(* Let $n\ge m\ge 1$ be integers, $N=nm+n+m$, and $d\in\{1,-1\}$. Put $s_1=m(m+3)/2$ and $s_2=(n-m)(m+1)$, and define integers $x_1,\dots,x_N$ recursively as follows. For $1\le i\le s_1$, with $\alpha=\lfloor\frac{\sqrt{8i+1}-1}{2}\rfloor$, $$x_i=n+1-(-1)^{\alpha}d\,(2i-\alpha(\alpha+2)).$$ For $s_1+1\le i\le s_1+s_2$, with $\beta=\lfloor\frac{i-s_1+m}{m+1}\rfloor$ and $p=i-s_1-(\beta-1)(m+1)$, $$x_i=x_{s_1}-\beta-(-1)^{m+\beta}d\,\bigl(2p-2-m(1+(-1)^{\beta})\bigr).$$ For $s_1+s_2+1\le i\le N$, with $\gamma=\lfloor m-\sqrt{m(m+1)-2(i-s_1-s_2)+9/4}+3/2\rfloor$ and $q=i-s_1-s_2-(\gamma-1)(m+1)+\gamma(\gamma-1)/2$, $$x_i=x_{s_1+s_2}-d\bigl((-1)^{n+\gamma}(\gamma+2q-m-2)-m(-1)^n\bigr).$$ Then starting from the initial configuration $b^nOw^m$ and, for $i=1,\dots,N$, moving in step $i$ the checker at position $x_i$ into the current vacancy, every step is a legal move, the final configuration $w^mOb^n$ is reached after step $N$, and hence this is an optimal move sequence (of the minimum possible length $nm+n+m$). Moreover $d=(n+1)-x_1$ is the direction of the first move.
   Context: The game: positions $1,\dots,n+m+1$ in a row, each holding a black checker ($b$), a white checker ($w$) or nothing, with exactly one empty position (the vacancy $O$). Initial configuration $b^nOw^m$ (vacancy at position $n+1$), final configuration $w^mOb^n$. A legal move is a slide (a checker adjacent to the vacancy moves into it) or a jump (a checker at distance two from the vacancy jumps over the checker between them into it); after moving the checker at position $x_i$, position $x_i$ becomes the new vacancy. *)

theory Defs
  imports Complex_Main
begin

datatype cell = Black | White | Empty

text \<open>A configuration assigns a cell content to every integer position; only the positions
  1..L (L = n+m+1) are part of the board, all other positions are Empty and never touched.\<close>
type_synonym config = "int \<Rightarrow> cell"

definition init_conf :: "nat \<Rightarrow> nat \<Rightarrow> config" where
  "init_conf n m p = (if 1 \<le> p \<and> p \<le> int n then Black
     else if p = int n + 1 then Empty
     else if int n + 1 < p \<and> p \<le> int n + int m + 1 then White
     else Empty)"

definition final_conf :: "nat \<Rightarrow> nat \<Rightarrow> config" where
  "final_conf n m p = (if 1 \<le> p \<and> p \<le> int m then White
     else if p = int m + 1 then Empty
     else if int m + 1 < p \<and> p \<le> int n + int m + 1 then Black
     else Empty)"

definition vacancy :: "int \<Rightarrow> config \<Rightarrow> int" where
  "vacancy L c = (THE v. 1 \<le> v \<and> v \<le> L \<and> c v = Empty)"

definition legal_move :: "int \<Rightarrow> config \<Rightarrow> int \<Rightarrow> bool" where
  "legal_move L c x \<longleftrightarrow>
     (\<exists>!v. 1 \<le> v \<and> v \<le> L \<and> c v = Empty) \<and>
     1 \<le> x \<and> x \<le> L \<and> c x \<noteq> Empty \<and>
     (let v = vacancy L c in
        \<bar>x - v\<bar> = 1 \<or> (\<bar>x - v\<bar> = 2 \<and> c ((x + v) div 2) \<noteq> Empty))"

definition apply_move :: "int \<Rightarrow> config \<Rightarrow> int \<Rightarrow> config" where
  "apply_move L c x = (c(vacancy L c := c x)) (x := Empty)"

fun legal_seq :: "int \<Rightarrow> config \<Rightarrow> int list \<Rightarrow> bool" where
  "legal_seq L c [] = True"
| "legal_seq L c (x # xs) = (legal_move L c x \<and> legal_seq L (apply_move L c x) xs)"

definition run_moves :: "int \<Rightarrow> config \<Rightarrow> int list \<Rightarrow> config" where
  "run_moves L c xs = foldl (apply_move L) c xs"

definition s1 :: "nat \<Rightarrow> int" where "s1 m = int m * (int m + 3) div 2"
definition s2 :: "nat \<Rightarrow> nat \<Rightarrow> int" where "s2 n m = (int n - int m) * (int m + 1)"

definition xA :: "nat \<Rightarrow> int \<Rightarrow> int \<Rightarrow> int" where
  "xA n d i = (let \<alpha> = \<lfloor>(sqrt (8 * real_of_int i + 1) - 1) / 2\<rfloor> in
     int n + 1 - (-1) ^ nat \<alpha> * d * (2 * i - \<alpha> * (\<alpha> + 2)))"

definition xB :: "nat \<Rightarrow> nat \<Rightarrow> int \<Rightarrow> int \<Rightarrow> int" where
  "xB n m d i = (if i \<le> s1 m then xA n d i else
     (let \<beta> = (i - s1 m + int m) div (int m + 1);
          p = i - s1 m - (\<beta> - 1) * (int m + 1) in
      xA n d (s1 m) - \<beta> - (-1) ^ nat (int m + \<beta>) * d * (2 * p - 2 - int m * (1 + (-1) ^ nat \<beta>))))"

definition xC :: "nat \<Rightarrow> nat \<Rightarrow> int \<Rightarrow> int \<Rightarrow> int" where
  "xC n m d i = (if i \<le> s1 m + s2 n m then xB n m d i else
     (let k = i - s1 m - s2 n m;
          \<gamma> = \<lfloor>real m - sqrt (real m * (real m + 1) - 2 * real_of_int k + 9 / 4) + 3 / 2\<rfloor>;
          q = k - (\<gamma> - 1) * (int m + 1) + \<gamma> * (\<gamma> - 1) div 2 in
      xB n m d (s1 m + s2 n m)
        - d * ((-1) ^ nat (int n + \<gamma>) * (\<gamma> + 2 * q - int m - 2) - int m * (-1) ^ n)))"

definition move_seq :: "nat \<Rightarrow> nat \<Rightarrow> int \<Rightarrow> int list" where
  "move_seq n m d = map (xC n m d) [1 .. int (n * m + n + m)]"

end

theory Submission
  imports Defs
begin

text \<open>The prescribed moves form sweeps: a slide followed by a run of jumps in one direction.
  Between sweeps the board reads \<open>X\<dots>X\<close>, then an alternating block \<open>w b w \<dots> b\<close> with the
  vacancy at one of its ends, then \<open>Y\<dots>Y\<close>. The three closed formulas for \<open>x\<^sub>i\<close> are three
  phases: \<open>m\<close> sweeps grow the block (from \<open>b\<^sup>n O w\<^sup>m\<close>) to length \<open>2m + 1\<close>, \<open>n - m\<close> sweeps
  shift it one cell to the left, and \<open>m\<close> sweeps shrink it again (ending at \<open>w\<^sup>m O b\<^sup>n\<close>); the
  direction of each sweep alternates and is read off the sign in the formula.

  Optimality is a potential argument. The moment \<open>\<Sum> \<plusminus>p\<close> (sign \<open>+\<close> for black checkers)
  rises by \<open>2nm + n + m\<close>, the difference of the last positions of black and white in the word
  with the vacancy deleted, suitably rounded, rises by \<open>n + m\<close>, and no move raises the sum of the
  two by more than two.\<close>

section \<open>Boards with a single vacancy\<close>

definition single_vacancy :: "int \<Rightarrow> config \<Rightarrow> int \<Rightarrow> bool" where
  "single_vacancy L c v \<longleftrightarrow> 1 \<le> v \<and> v \<le> L \<and> c v = Empty
     \<and> (\<forall>p. 1 \<le> p \<and> p \<le> L \<and> p \<noteq> v \<longrightarrow> c p \<noteq> Empty) \<and> (\<forall>p. p < 1 \<or> L < p \<longrightarrow> c p = Empty)"

definition reaches :: "int \<Rightarrow> config \<Rightarrow> int list \<Rightarrow> config \<Rightarrow> bool" where
  "reaches L c xs c' \<longleftrightarrow> legal_seq L c xs \<and> run_moves L c xs = c'"

lemma vacancy_eq: "single_vacancy L c v \<Longrightarrow> vacancy L c = v"
  unfolding vacancy_def single_vacancy_def by (rule the_equality) auto

lemma legal_move_near_vacancy:
  assumes "single_vacancy L c v" "1 \<le> x" "x \<le> L" "\<bar>x - v\<bar> = 1 \<or> \<bar>x - v\<bar> = 2"
  shows "legal_move L c x"
proof -
  have v: "1 \<le> v" "v \<le> L" using assms(1) unfolding single_vacancy_def by auto
  have "\<bar>x - v\<bar> = 2 \<Longrightarrow> (x + v) div 2 \<noteq> v \<and> 1 \<le> (x + v) div 2 \<and> (x + v) div 2 \<le> L"
    using assms(2,3) v by auto
  moreover have "x \<noteq> v" using assms(4) by auto
  ultimately show ?thesis
    using assms unfolding legal_move_def Let_def vacancy_eq[OF assms(1)] single_vacancy_def by auto
qed

lemma apply_move_eq:
  "single_vacancy L c v \<Longrightarrow> apply_move L c x = (c(v := c x))(x := Empty)"
  unfolding apply_move_def by (simp only: vacancy_eq)

lemma single_vacancy_apply_move:
  assumes "single_vacancy L c v" "1 \<le> x" "x \<le> L" "x \<noteq> v"
  shows "single_vacancy L (apply_move L c x) x"
  using assms unfolding apply_move_eq[OF assms(1)] single_vacancy_def by auto

lemma run_moves_Nil [simp]: "run_moves L c [] = c"
  by (simp add: run_moves_def)

lemma run_moves_Cons: "run_moves L c (x # xs) = run_moves L (apply_move L c x) xs"
  by (simp add: run_moves_def)

lemma reaches_Nil [simp]: "reaches L c [] c' \<longleftrightarrow> c' = c"
  by (auto simp: reaches_def)

lemma reaches_Cons_iff: "reaches L c (x # xs) c' \<longleftrightarrow> legal_move L c x \<and> reaches L (apply_move L c x) xs c'"
  by (simp add: reaches_def run_moves_Cons)

lemma reaches_append: "reaches L c xs c1 \<Longrightarrow> reaches L c1 ys c2 \<Longrightarrow> reaches L c (xs @ ys) c2"
  by (induction xs arbitrary: c) (auto simp: reaches_Cons_iff)

lemma reaches_snoc:
  "reaches L c xs c1 \<Longrightarrow> legal_move L c1 x \<Longrightarrow> reaches L c (xs @ [x]) (apply_move L c1 x)"
  by (rule reaches_append) (auto simp: reaches_Cons_iff)

section \<open>Sweeps across an alternating block\<close>

definition sweep :: "int \<Rightarrow> int \<Rightarrow> nat \<Rightarrow> int list" where
  "sweep x t K = map (\<lambda>j. x + 2 * t * int j) [0..<Suc K]"

text \<open>The configuration after the sweep: the checker from \<open>x\<close> has slid into the old vacancy
  \<open>v\<close>, every later checker has jumped back by two cells into the previous one, and the last
  start position is the new vacancy.\<close>
definition sweep_result :: "config \<Rightarrow> int \<Rightarrow> int \<Rightarrow> int \<Rightarrow> nat \<Rightarrow> config" where
  "sweep_result c v x t K p =
     (if p = v then c x else if p = x + 2 * t * int K then Empty
      else if (\<exists>j<K. p = x + 2 * t * int j) then c (p + 2 * t) else c p)"

lemma sweep_Suc: "sweep x t (Suc K) = sweep x t K @ [x + 2 * t * int (Suc K)]"
  unfolding sweep_def by simp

### TASK DIRECTIONS
Each line in the data that holds the word "rises" must be copied.

### SOLUTION
  rises by \<open>2nm + n + m\<close>, the difference of the last positions of black and white in the word
  with the vacancy deleted, suitably rounded, rises by \<open>n + m\<close>, and no move raises the sum of the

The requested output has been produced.